Estos días han dejado muchas imágenes que permanecerán en la memoria colectiva de Ceuta. Pero, por encima de todas ellas, permanecerá una certeza: cuando la ciudad necesitó ser defendida, cientos de hombres y mujeres de la Guardia Civil dieron un paso al frente sin preguntar cuántas horas quedaban de servicio ni qué reconocimiento recibirían después. Las Fuerzas Armadas estuvieron donde debían estar. La Policía Local cumplió con eficacia su responsabilidad. La Policía Nacional desempeñó las funciones que tenía encomendadas. Y la ciudadanía volvió a demostrar que Ceuta posee un carácter forjado en la adversidad.

 

Pero sería un error pensar que todo termina aquí. Ceuta sigue teniendo por delante importantes desafíos y aún queda mucho trabajo por hacer. Sin embargo, ese trabajo ya no corresponde únicamente a quienes patrullan nuestras calles, vigilan nuestra frontera o permanecen de servicio las veinticuatro horas del día. Ahora el mayor esfuerzo debe hacerse en los despachos.

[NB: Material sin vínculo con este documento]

(* Consider the continuous-time control-affine system $\dot x(t)=f_c(x(t),u(t)):=f(x(t))+\sum_{i=1}^m g_i(x(t))u_i(t)$ with state $x(t)\in\mathbb{R}^n$, input $u(t)\in\mathbb{R}^m$, and $f(0)=0$. Let $\mathbb{X}\subseteq\mathbb{R}^n$ be compact and let $\widehat\Phi:\mathbb{R}^n\to\mathbb{R}^N$ be a continuously differentiable lifting satisfying $\widehat\Phi(0)=0$ and $\|x\|\le\|\widehat\Phi(x)\|\le L_\Phi\|x\|$ for all $x\in\mathbb{X}$ and some $L_\Phi>0$. Let $A\in\mathbb{R}^{N\times N}$, $B_0\in\mathbb{R}^{N\times m}$ and $\tilde B=[B_1-A,\ \dots,\ B_m-A]\in\mathbb{R}^{N\times Nm}$ (with $B_i\in\mathbb{R}^{N\times N}$) be given matrices, and define the residual $$r(x,u):=\nabla\widehat\Phi(x)^\top f_c(x,u)-A\widehat\Phi(x)-B_0u-\tilde B\,(u\otimes\widehat\Phi(x)).$$ Assume there are constants $c_x,c_u>0$ such that $\|r(x,u)\|\le c_x\|\widehat\Phi(x)\|+c_u\|u\|$ for all $x\in\mathbb{X}$ and all $u\in\mathbb{R}^m$. Suppose there exist $\alpha\in\mathbb{N}$, $\beta\in\mathbb{N}_0$ with $\alpha\ge\max\{1,\beta\}$, a symmetric matrix $P\succ0$ of size $N\times N$, a polynomial matrix $L\in\mathbb{R}[z,2\alpha-1]^{m\times N}$, $\tau\in\mathrm{SOS}_+[z,2\beta]$ and $\rho>0$ such that $Q(z)\in\mathrm{SOS}[z,2\alpha]^{2N+m}$ in the variable $z\in\mathbb{R}^N$, where, with $M(z):=AP+B_0L(z)+\tilde B(L(z)\otimes z)$, $$Q(z)=\begin{bmatrix}-M(z)-M(z)^\top-\rho I_N-\tau(z)I_N & -P & -L(z)^\top\\ -P & \frac{\tau(z)}{2c_x^2}I_N & 0\\ -L(z) & 0 & \frac{\tau(z)}{2c_u^2}I_m\end{bmatrix}.$$ Then the controller $\mu(x)=L(\widehat\Phi(x))P^{-1}\widehat\Phi(x)$ exponentially stabilizes the origin of $\dot x=f_c(x,\mu(x))$ for all initial conditions in $\Omega(c^* )$, where $\Omega(c)=\{x\in\mathbb{R}^n:\widehat\Phi(x)^\top P^{-1}\widehat\Phi(x)\le c\}$ and $c^*=\max\{c>0:\Omega(c)\subseteq\mathbb{X}\}$. (In the paper, the residual bound, and hence the conclusion, holds with probability $1-\delta$ when $A,B_0,B_i$ are obtained from i.i.d. data via the SafEDMD regression.)
   Context: Notation: $\otimes$ is the Kronecker product. $\mathbb{R}[z,d]$ denotes real polynomials in $z$ of degree at most $d$, and $\mathbb{R}[z,d]^{p\times q}$ the $p\times q$ matrices with entries in $\mathbb{R}[z,d]$. A matrix $S\in\mathbb{R}[z,2d]^{p\times p}$ is SOS, written $S\in\mathrm{SOS}[z,2d]^p$, if $S=T^\top T$ for some $T\in\mathbb{R}[z,d]^{q\times p}$ and some $q\in\mathbb{N}$. It is strictly SOS, written $S\in\mathrm{SOS}_+[z,2d]^p$, if $S-\varepsilon I\in\mathrm{SOS}[z,2d]^p$ for some $\varepsilon>0$; for $p=1$ the superscript is dropped. A feedback $\kappa$ exponentially stabilizes the origin in a set $\mathcal{X}$ if there exist $a,b>0$ such that the closed-loop solution satisfies $\|x(t;\hat x)\|\le a\|\hat x\|e^{-bt}$ for all $\hat x\in\mathcal{X}$ and all $t\ge0$. *)

theory Defs
  imports "HOL-Analysis.Analysis"
begin
lemma r_ann_right_ideal_gen_eq:
  fixes g :: "nat \<Rightarrow> 'a::ring_1"
  assumes ann: "\<And>k. k < m \<Longrightarrow> g k * e = 0"
    and fix_ann: "\<And>h. (\<And>k. k < m \<Longrightarrow> g k * h = 0) \<Longrightarrow> e * h = h"
  shows "r_ann UNIV (right_ideal_gen g m) = r_ann UNIV {(1 - e) * t | t. True}"
proof -
  have principal: "h \<in> r_ann UNIV {(1 - e) * t | t. True} \<longleftrightarrow> (\<forall>t. e * (t * h) = t * h)" for h
  proof -
    have "h \<in> r_ann UNIV {(1 - e) * t | t. True} \<longleftrightarrow> (\<forall>t. (1 - e) * t * h = 0)"
      unfolding r_ann_def by blast
    moreover have "(1 - e) * t * h = 0 \<longleftrightarrow> e * (t * h) = t * h" for t
      by (auto simp: left_diff_distrib mult.assoc)
    ultimately show ?thesis by simp
  qed
  have generated: "(\<forall>k<m. \<forall>t. g k * (t * h) = 0) \<longleftrightarrow> (\<forall>t. e * (t * h) = t * h)" for h
  proof
    assume "\<forall>k<m. \<forall>t. g k * (t * h) = 0"
    then show "\<forall>t. e * (t * h) = t * h" using fix_ann by blast
  next
    assume fixed: "\<forall>t. e * (t * h) = t * h"
    have "g k * (t * h) = (g k * e) * (t * h)" for k t
      using fixed by (simp add: mult.assoc)
    then show "\<forall>k<m. \<forall>t. g k * (t * h) = 0" using ann by simp
  qed
  show ?thesis
    unfolding set_eq_iff r_ann_right_ideal_gen_iff principal generated by simp
qed

lemma l_ann_left_ideal_gen_eq:
  fixes g :: "nat \<Rightarrow> 'a::ring_1"
  assumes ann: "\<And>k. k < m \<Longrightarrow> e * g k = 0"
    and fix_ann: "\<And>h. (\<And>k. k < m \<Longrightarrow> h * g k = 0) \<Longrightarrow> h * e = h"
  shows "l_ann UNIV (left_ideal_gen g m) = l_ann UNIV {t * (1 - e) | t. True}"
proof -
  have principal: "h \<in> l_ann UNIV {t * (1 - e) | t. True} \<longleftrightarrow> (\<forall>t. (h * t) * e = h * t)" for h
  proof -
    have "h \<in> l_ann UNIV {t * (1 - e) | t. True} \<longleftrightarrow> (\<forall>t. h * (t * (1 - e)) = 0)"
      unfolding l_ann_def by blast
    moreover have "h * (t * (1 - e)) = 0 \<longleftrightarrow> (h * t) * e = h * t" for t
    proof -
      have "h * (t * (1 - e)) = h * t - h * t * e" by (simp add: right_diff_distrib mult.assoc)
      then show ?thesis by auto
    qed
    ultimately show ?thesis by simp
  qed
  have generated: "(\<forall>k<m. \<forall>t. (h * t) * g k = 0) \<longleftrightarrow> (\<forall>t. (h * t) * e = h * t)" for h
  proof
    assume "\<forall>k<m. \<forall>t. (h * t) * g k = 0"
    then show "\<forall>t. (h * t) * e = h * t" using fix_ann by blast
  next
    assume fixed: "\<forall>t. (h * t) * e = h * t"
    have "(h * t) * g k = (h * t) * (e * g k)" for k t
      using fixed by (simp add: mult.assoc[symmetric])
    then show "\<forall>k<m. \<forall>t. (h * t) * g k = 0" using ann by simp
  qed
  show ?thesis
    unfolding set_eq_iff l_ann_left_ideal_gen_iff principal generated by simp
qed

section \<open>The degree-lexicographic order on exponents\<close>

definition deg :: "nat \<Rightarrow> (nat \<Rightarrow> nat) \<Rightarrow> nat" where
  "deg n \<alpha> = (\<Sum>t<n. \<alpha> t)"

definition mono_key :: "nat \<Rightarrow> (nat \<Rightarrow> nat) \<Rightarrow> nat list" where
  "mono_key n \<alpha> = deg n \<alpha> # map \<alpha> [0..<n]"

definition mono_less :: "nat \<Rightarrow> (nat \<Rightarrow> nat) \<Rightarrow> (nat \<Rightarrow> nat) \<Rightarrow> bool" where
  "mono_less n \<alpha> \<beta> \<longleftrightarrow> mono_key n \<alpha> < mono_key n \<beta>"

lemma mono_less_irrefl: "\<not> mono_less n \<alpha> \<alpha>"
  unfolding mono_less_def by simp

lemma mono_less_trans: "mono_less n \<alpha> \<beta> \<Longrightarrow> mono_less n \<beta> \<gamma> \<Longrightarrow> mono_less n \<alpha> \<gamma>"
  unfolding mono_less_def by (rule less_trans)

lemma mono_less_deg: "mono_less n \<alpha> \<beta> \<Longrightarrow> deg n \<alpha> \<le> deg n \<beta>"
  unfolding mono_less_def mono_key_def by auto

lemma inj_on_mono_key: "inj_on (mono_key n) (exps n)"
proof (rule inj_onI)
  fix \<alpha> \<beta> assume exps: "\<alpha> \<in> exps n" "\<beta> \<in> exps n" and "mono_key n \<alpha> = mono_key n \<beta>"
  then have "map \<alpha> [0..<n] = map \<beta> [0..<n]" unfolding mono_key_def by simp
  then have "\<alpha> t = \<beta> t" if "t < n" for t using that by (simp add: map_eq_conv)
  moreover have "\<alpha> t = \<beta> t" if "\<not> t < n" for t using that exps unfolding exps_def by simp
  ultimately show "\<alpha> = \<beta>" by blast
qed

lemma mono_less_linear:
  "\<alpha> \<in> exps n \<Longrightarrow> \<beta> \<in> exps n \<Longrightarrow> \<alpha> \<noteq> \<beta> \<Longrightarrow> mono_less n \<alpha> \<beta> \<or> mono_less n \<beta> \<alpha>"
proof -
  assume "\<alpha> \<in> exps n" "\<beta> \<in> exps n" "\<alpha> \<noteq> \<beta>"
  then have "mono_key n \<alpha> \<noteq> mono_key n \<beta>" using inj_on_mono_key unfolding inj_on_def by blast
  then show ?thesis unfolding mono_less_def by (simp add: neq_iff)
qed

lemma deg_add: "deg n (\<alpha> + \<beta>) = deg n \<alpha> + deg n \<beta>"
  unfolding deg_def by (simp add: sum.distrib)

lemma map_add_left_less: "map \<alpha> xs < map \<beta> xs \<Longrightarrow> map (\<gamma> + \<alpha>) xs < map (\<gamma> + \<beta>) xs"
  for \<alpha> \<beta> \<gamma> :: "nat \<Rightarrow> nat"
  by (induction xs) auto

lemma mono_less_add_left: "mono_less n \<alpha> \<beta> \<Longrightarrow> mono_less n (\<gamma> + \<alpha>) (\<gamma> + \<beta>)"
  unfolding mono_less_def mono_key_def deg_add by (auto intro: map_add_left_less)

lemma mono_less_add_right: "mono_less n \<alpha> \<beta> \<Longrightarrow> mono_less n (\<alpha> + \<gamma>) (\<beta> + \<gamma>)"
  using mono_less_add_left[of n \<alpha> \<beta> \<gamma>] by (simp add: add.commute)

lemma mono_less_add_strict:
  assumes "\<alpha> = \<alpha>' \<or> mono_less n \<alpha> \<alpha>'" "\<beta> = \<beta>' \<or> mono_less n \<beta> \<beta>'" "\<alpha> \<noteq> \<alpha>' \<or> \<beta> \<noteq> \<beta>'"
  shows "mono_less n (\<alpha> + \<beta>) (\<alpha>' + \<beta>')"
  using assms(1)
proof
  assume "\<alpha> = \<alpha>'"
  with assms(2,3) show ?thesis by (auto intro: mono_less_add_left)
next
  assume "mono_less n \<alpha> \<alpha>'"
  then have "mono_less n (\<alpha> + \<beta>) (\<alpha>' + \<beta>)" by (rule mono_less_add_right)
  with assms(2) show ?thesis by (auto intro: mono_less_trans mono_less_add_left)
qed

Es allí donde deben adoptarse las decisiones valientes que Ceuta necesita, dotar de más recursos a quienes los requieren, reforzar la protección de nuestra frontera y diseñar una estrategia sólida que impida que situaciones como la vivida estos días vuelvan a repetirse.

 

Porque si algo ha quedado demostrado durante esta crisis es que las Fuerzas y Cuerpos de Seguridad del Estado, la Policía Local, las Fuerzas Armadas, los ciudadanos de Ceuta y tantas entidades que trabajan silenciosamente por esta ciudad, como Cruz Roja y otras organizaciones, asociaciones y colectivos, siempre están al pie del cañón cuando la situación lo exige. Ellos nunca fallan. Son quienes sostienen Ceuta cuando llegan los momentos más difíciles.

 

Ahora les corresponde a quienes ocupan los despachos estar a la misma altura del compromiso demostrado sobre el terreno. Porque Ceuta ya ha cumplido. Sus servidores públicos también. Sus ciudadanos, una vez más, han dado ejemplo. Ha llegado el momento de que la respuesta política esté, de una vez por todas, a la altura del esfuerzo, el sacrificio y la lealtad que esta ciudad lleva tantos años demostrando.